"I do not identify with mod-O. In fact, there is not a movement around today I would feel comfortable identifying with.
Sociologically, my neighborhood has little mod-O presence. Actually, around 1/3 of the rabbis are from YU, but it's a sea of black hats, black suits, and white shirts even in their neck of the woods. My own LOR is a Lakewood product (and my father's chavrusah). In terms of my attire, I don't dress yeshivish or mod-O outside the workplace; I dress East European (long jacket, etc...)

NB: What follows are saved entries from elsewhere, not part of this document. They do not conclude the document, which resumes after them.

lemma distinguishing_star:
  assumes "2 \<le> t"
  shows "distinguishing {0..t} (star_edges t) leaf_labeling"
  unfolding distinguishing_def
proof (intro allI impI)
  fix f assume "automorphism {0..t} (star_edges t) f \<and>
    (\<forall>v\<in>{0..t}. leaf_labeling (f v) = leaf_labeling v)"
  then have aut: "automorphism {0..t} (star_edges t) f"
    and pres: "\<And>v. v \<in> {0..t} \<Longrightarrow> f v = v \<or> (f v \<le> 1 \<and> v \<le> 1)"
    by (auto simp: leaf_labeling_eq_iff)
  have large: "f i = i" if "2 \<le> i" "i \<le> t" for i
    using pres[of i] that by auto
  have small: "f v \<le> 1" if "v \<le> 1" for v
    using pres[of v] that assms by auto
  have "{f 0, f 2} \<in> star_edges t"
    using assms by (intro automorphism_edge[OF aut]) (auto simp: star_edge_iff)
  then have f0: "f 0 = 0" using small[of 0] large[of 2] assms by (auto simp: star_edge_iff)
  have f1: "f 1 = 1" using automorphism_inj[OF aut, of 1 0] small[of 1] f0 assms by auto
  show "\<forall>v\<in>{0..t}. f v = v"
  proof
    fix v assume "v \<in> {0..t}"
    then consider "v = 0" | "v = 1" | "2 \<le> v" "v \<le> t" by force
    then show "f v = v" using f0 f1 large by cases auto
  qed
qed

lemma Dist_star:
  assumes "2 \<le> t"
  shows "Dist {0..t} (star_edges t) = t"
proof (rule Dist_eqI)
  show "\<forall>v\<in>{0..t}. leaf_labeling v \<in> {1..t}" using assms by (auto simp: leaf_labeling_def)
  show "distinguishing {0..t} (star_edges t) leaf_labeling" using distinguishing_star[OF assms] .
  fix s c assume "s < t" and c: "\<forall>v\<in>{0..t}. c v \<in> {1..s}"
  show "\<not> distinguishing {0..t} (star_edges t) c"
  proof (rule not_distinguishing_if_many_twins[of "{1..t}", OF _ _ _ _ c])
    fix a b assume ab: "a \<in> {1..t}" "b \<in> {1..t}"
    show "automorphism {0..t} (star_edges t) (transpose a b)"
    proof (rule transpose_twins_automorphism)
      show "a \<in> {0..t}" "b \<in> {0..t}" using ab by auto
      show "{a} \<notin> star_edges t" "{b} \<notin> star_edges t"
        using star_edge_iff[of a a t] star_edge_iff[of b b t] ab by auto
      fix w assume "w \<noteq> a" "w \<noteq> b"
      then show "{a, w} \<in> star_edges t \<longleftrightarrow> {b, w} \<in> star_edges t"
        using ab by (simp add: star_edge_iff)
    qed
  qed (use \<open>s < t\<close> in simp_all)
qed

abbreviation star_fg_edges :: "nat \<Rightarrow> (nat + nat) set set" where
  "star_fg_edges t \<equiv> fg_E {0..t} (star_edges t) (\<lambda>_. 0)"

definition copy_labeling :: "nat + nat \<Rightarrow> nat" where
  "copy_labeling v = leaf_labeling (case_sum id id v)"

lemma Inl_in_fg_V [simp]: "Inl x \<in> fg_V V \<longleftrightarrow> x \<in> V"
  and Inr_in_fg_V [simp]: "Inr x \<in> fg_V V \<longleftrightarrow> x \<in> V"
  unfolding fg_V_def by auto

lemma fg_V_cases:
  assumes "v \<in> fg_V V"
  obtains x where "x \<in> V" "v = Inl x" | x where "x \<in> V" "v = Inr x"
  using assms unfolding fg_V_def by blast

lemma star_fg_edge_iff:
  "{x, y} \<in> star_fg_edges t \<longleftrightarrow>
     (x = Inl 0 \<and> y \<in> Inl ` {1..t}) \<or> (y = Inl 0 \<and> x \<in> Inl ` {1..t}) \<or>
     (x = Inr 0 \<and> y \<in> Inr ` {1..t}) \<or> (y = Inr 0 \<and> x \<in> Inr ` {1..t}) \<or>
     (x = Inr 0 \<and> y \<in> Inl ` {0..t}) \<or> (y = Inr 0 \<and> x \<in> Inl ` {0..t})"
proof -
  have edges: "star_fg_edges t = (\<lambda>i. {Inl 0, Inl i}) ` {1..t} \<union> (\<lambda>i. {Inr 0, Inr i}) ` {1..t} \<union>
      (\<lambda>u. {Inl u, Inr 0}) ` {0..t}"
    unfolding fg_E_def star_edges_def image_image
    by (simp add: setcompr_eq_image atLeast0AtMost atMost_def)
  show ?thesis unfolding edges image_iff Bex_def Un_iff doubleton_eq_iff by blast
qed

lemma star_fg_pendant: "i \<in> {1..t} \<Longrightarrow> {Inr i, w} \<in> star_fg_edges t \<longleftrightarrow> w = Inr 0"
  by (auto simp: star_fg_edge_iff)

context
  fixes t :: nat and f :: "nat + nat \<Rightarrow> nat + nat"
  assumes t: "2 \<le> t"
    and aut: "automorphism (fg_V {0..t}) (star_fg_edges t) f"
    and pres: "\<forall>v\<in>fg_V {0..t}. copy_labeling (f v) = copy_labeling v"
begin

lemma star_fg_aut_copies:
  assumes "x \<le> t" "v = Inl x \<or> v = Inr x"
  shows "f v = Inl x \<or> f v = Inr x \<or> (x \<le> 1 \<and> f v \<in> {Inl 0, Inr 0, Inl 1, Inr 1})"
proof -
  have v: "v \<in> fg_V {0..t}" using assms by auto
  then have "f v \<in> fg_V {0..t}" by (rule automorphism_in[OF aut])
  moreover have "copy_labeling (f v) = leaf_labeling x"
    using pres v assms(2) by (auto simp: copy_labeling_def)
  ultimately show ?thesis
    by (cases rule: fg_V_cases)
       (auto simp: copy_labeling_def leaf_labeling_eq_iff le_Suc_eq)
qed

lemma star_fg_aut_large:
  assumes i: "2 \<le> i" "i \<le> t"
  shows "f (Inl i) = Inl i \<and> f (Inr i) = Inr i"
proof -
  note edge = automorphism_edge[OF aut]
  have l: "f (Inl i) = Inl i"
  proof (rule ccontr)
    assume "f (Inl i) \<noteq> Inl i"
    then have fi: "f (Inl i) = Inr i" using star_fg_aut_copies[of i "Inl i"] i by auto
    have "{f (Inl i), f (Inl 0)} \<in> star_fg_edges t" "{f (Inl i), f (Inr 0)} \<in> star_fg_edges t"
      using i by (intro edge; auto simp: star_fg_edge_iff)+
    then have "f (Inl 0) = f (Inr 0)" using star_fg_pendant[of i t] i fi by auto
    with automorphism_inj[OF aut, of "Inl 0" "Inr 0"] show False by simp
  qed
  moreover have "f (Inr i) \<noteq> f (Inl i)"
    using automorphism_inj[OF aut, of "Inr i" "Inl i"] i by simp
  ultimately show ?thesis using star_fg_aut_copies[of i "Inr i"] i by auto
qed

lemma star_fg_aut_fixes:
  assumes "v \<in> fg_V {0..t}"
  shows "f v = v"
proof -
  note edge = automorphism_edge[OF aut] and inj = automorphism_inj[OF aut]
  have fixed2: "f (Inl 2) = Inl 2" "f (Inr 2) = Inr 2" using star_fg_aut_large[of 2] t by auto
  have "{Inr 2, f (Inr 0)} \<in> star_fg_edges t"
    using edge[of "Inr 2" "Inr 0"] fixed2 t by (auto simp: star_fg_edge_iff)
  then have r0: "f (Inr 0) = Inr 0" using star_fg_pendant[of 2 t] t by auto
  have "{Inl 2, f (Inl 0)} \<in> star_fg_edges t"
    using edge[of "Inl 2" "Inl 0"] fixed2 t by (auto simp: star_fg_edge_iff)
  moreover have "f (Inl 0) \<noteq> Inr 0" using inj[of "Inl 0" "Inr 0"] r0 by simp
  ultimately have l0: "f (Inl 0) = Inl 0" using t by (auto simp: star_fg_edge_iff)
  have "{f (Inl 1), Inl 0} \<in> star_fg_edges t"
    using edge[of "Inl 1" "Inl 0"] l0 t by (auto simp: star_fg_edge_iff)
  moreover have "f (Inl 1) \<noteq> Inr 0" "f (Inl 1) \<noteq> Inl 0"
    using inj[of "Inl 1" "Inr 0"] inj[of "Inl 1" "Inl 0"] r0 l0 t by auto
  ultimately have l1: "f (Inl 1) = Inl 1"
    using star_fg_aut_copies[of 1 "Inl 1"] t by (auto simp: star_fg_edge_iff)
  have "f (Inr 1) \<notin> {Inl 0, Inr 0, Inl 1}"
    using inj[of "Inr 1" "Inl 0"] inj[of "Inr 1" "Inr 0"] inj[of "Inr 1" "Inl 1"] l0 r0 l1 t
    by auto
  then have r1: "f (Inr 1) = Inr 1" using star_fg_aut_copies[of 1 "Inr 1"] t by auto
  from assms obtain x where "x \<le> t" "v = Inl x \<or> v = Inr x"
    by (auto elim: fg_V_cases)
  then consider "x = 0" | "x = 1" | "2 \<le> x" "x \<le> t" by linarith
  then show ?thesis
    using \<open>v = Inl x \<or> v = Inr x\<close> l0 r0 l1 r1 star_fg_aut_large by cases auto
qed

end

But even in my YU days, I was in R' Dovid Lifshitz'a shiur. The Suvalker Rav didn't know Lithuania? I had a rebbe who learned in Grodno under a former Telzher Rosh Yeshiva, so my connection to that world is more direct than you're simply writing off with the words "YU".
For that matter, going further back, my elementary school hired rabbeim from Williamsburg, and the taitch for "Bereishis" was given as "In unfang".
So kindly refrain from reducing people to stereotypes, and then attacking their ability to comment based on your own assumptions.
You also seem to think that today's "chareidi type yeshivos" more authentically reproduce Telz or Volozhin than does RIETS. That's a fantasy. Not that Yeshivas Rabbeinu Yitzchak Elchanan does either. (BTW, under the Alter, Kelm had a yeshiva qetana with limudei chol WITHOUT gov't coersion!) And while Volozhin, Kelm and Slabodka didn't have classes in limudei chol beyond what the Czar forced into Volozhin, it was expected of the talmidim in their spare time. See R' EE Dessler's recollection of his father giving him Uncle Tom's Cabin to read. But I'm not going to pretend they were YU -- just that they aren't today's Lakewood, either.
True Lithanian Judaism is gone, r"l. If it weren't I would probably have a spiritual home.
Bikhlal the line between chassidus and Litvishkeit largely fell since we left Eastern Europe. In R' Aharon Kotler's day only the rabbeim wore black, only the rabbeim were allowed to have beards, and talmidim were encouraged to argue back during a shiur -- even R' Aharon's. Today's yeshivish student is expected to wear a uniform (as per chassidus) and view his Rosh Yeshiva as a chassid does his rebbe. The masses don't even know enough hashkafah to know the machloqes between the Besh"t and the Gra about tzimtzum -- transcendence vs immanence, or about sheleimus vs deveiqus.
Yes, the typical O Jew today spends so little time thinking about the fundamentals he doesn't realize he holds conflicting beliefs about whether G-d is in Shamayim or everywhere, and about man's mission in life. Not the conflict -- it's resolvable. But not to even know there is a problem to resolve? So of course he ends up judging based on lifestyle. Chassidim, particularly after the uniforming and daas Torah, have a more similar lifestyle to the yeshivish than MO does. So, they think it's more similar in philosophy as well."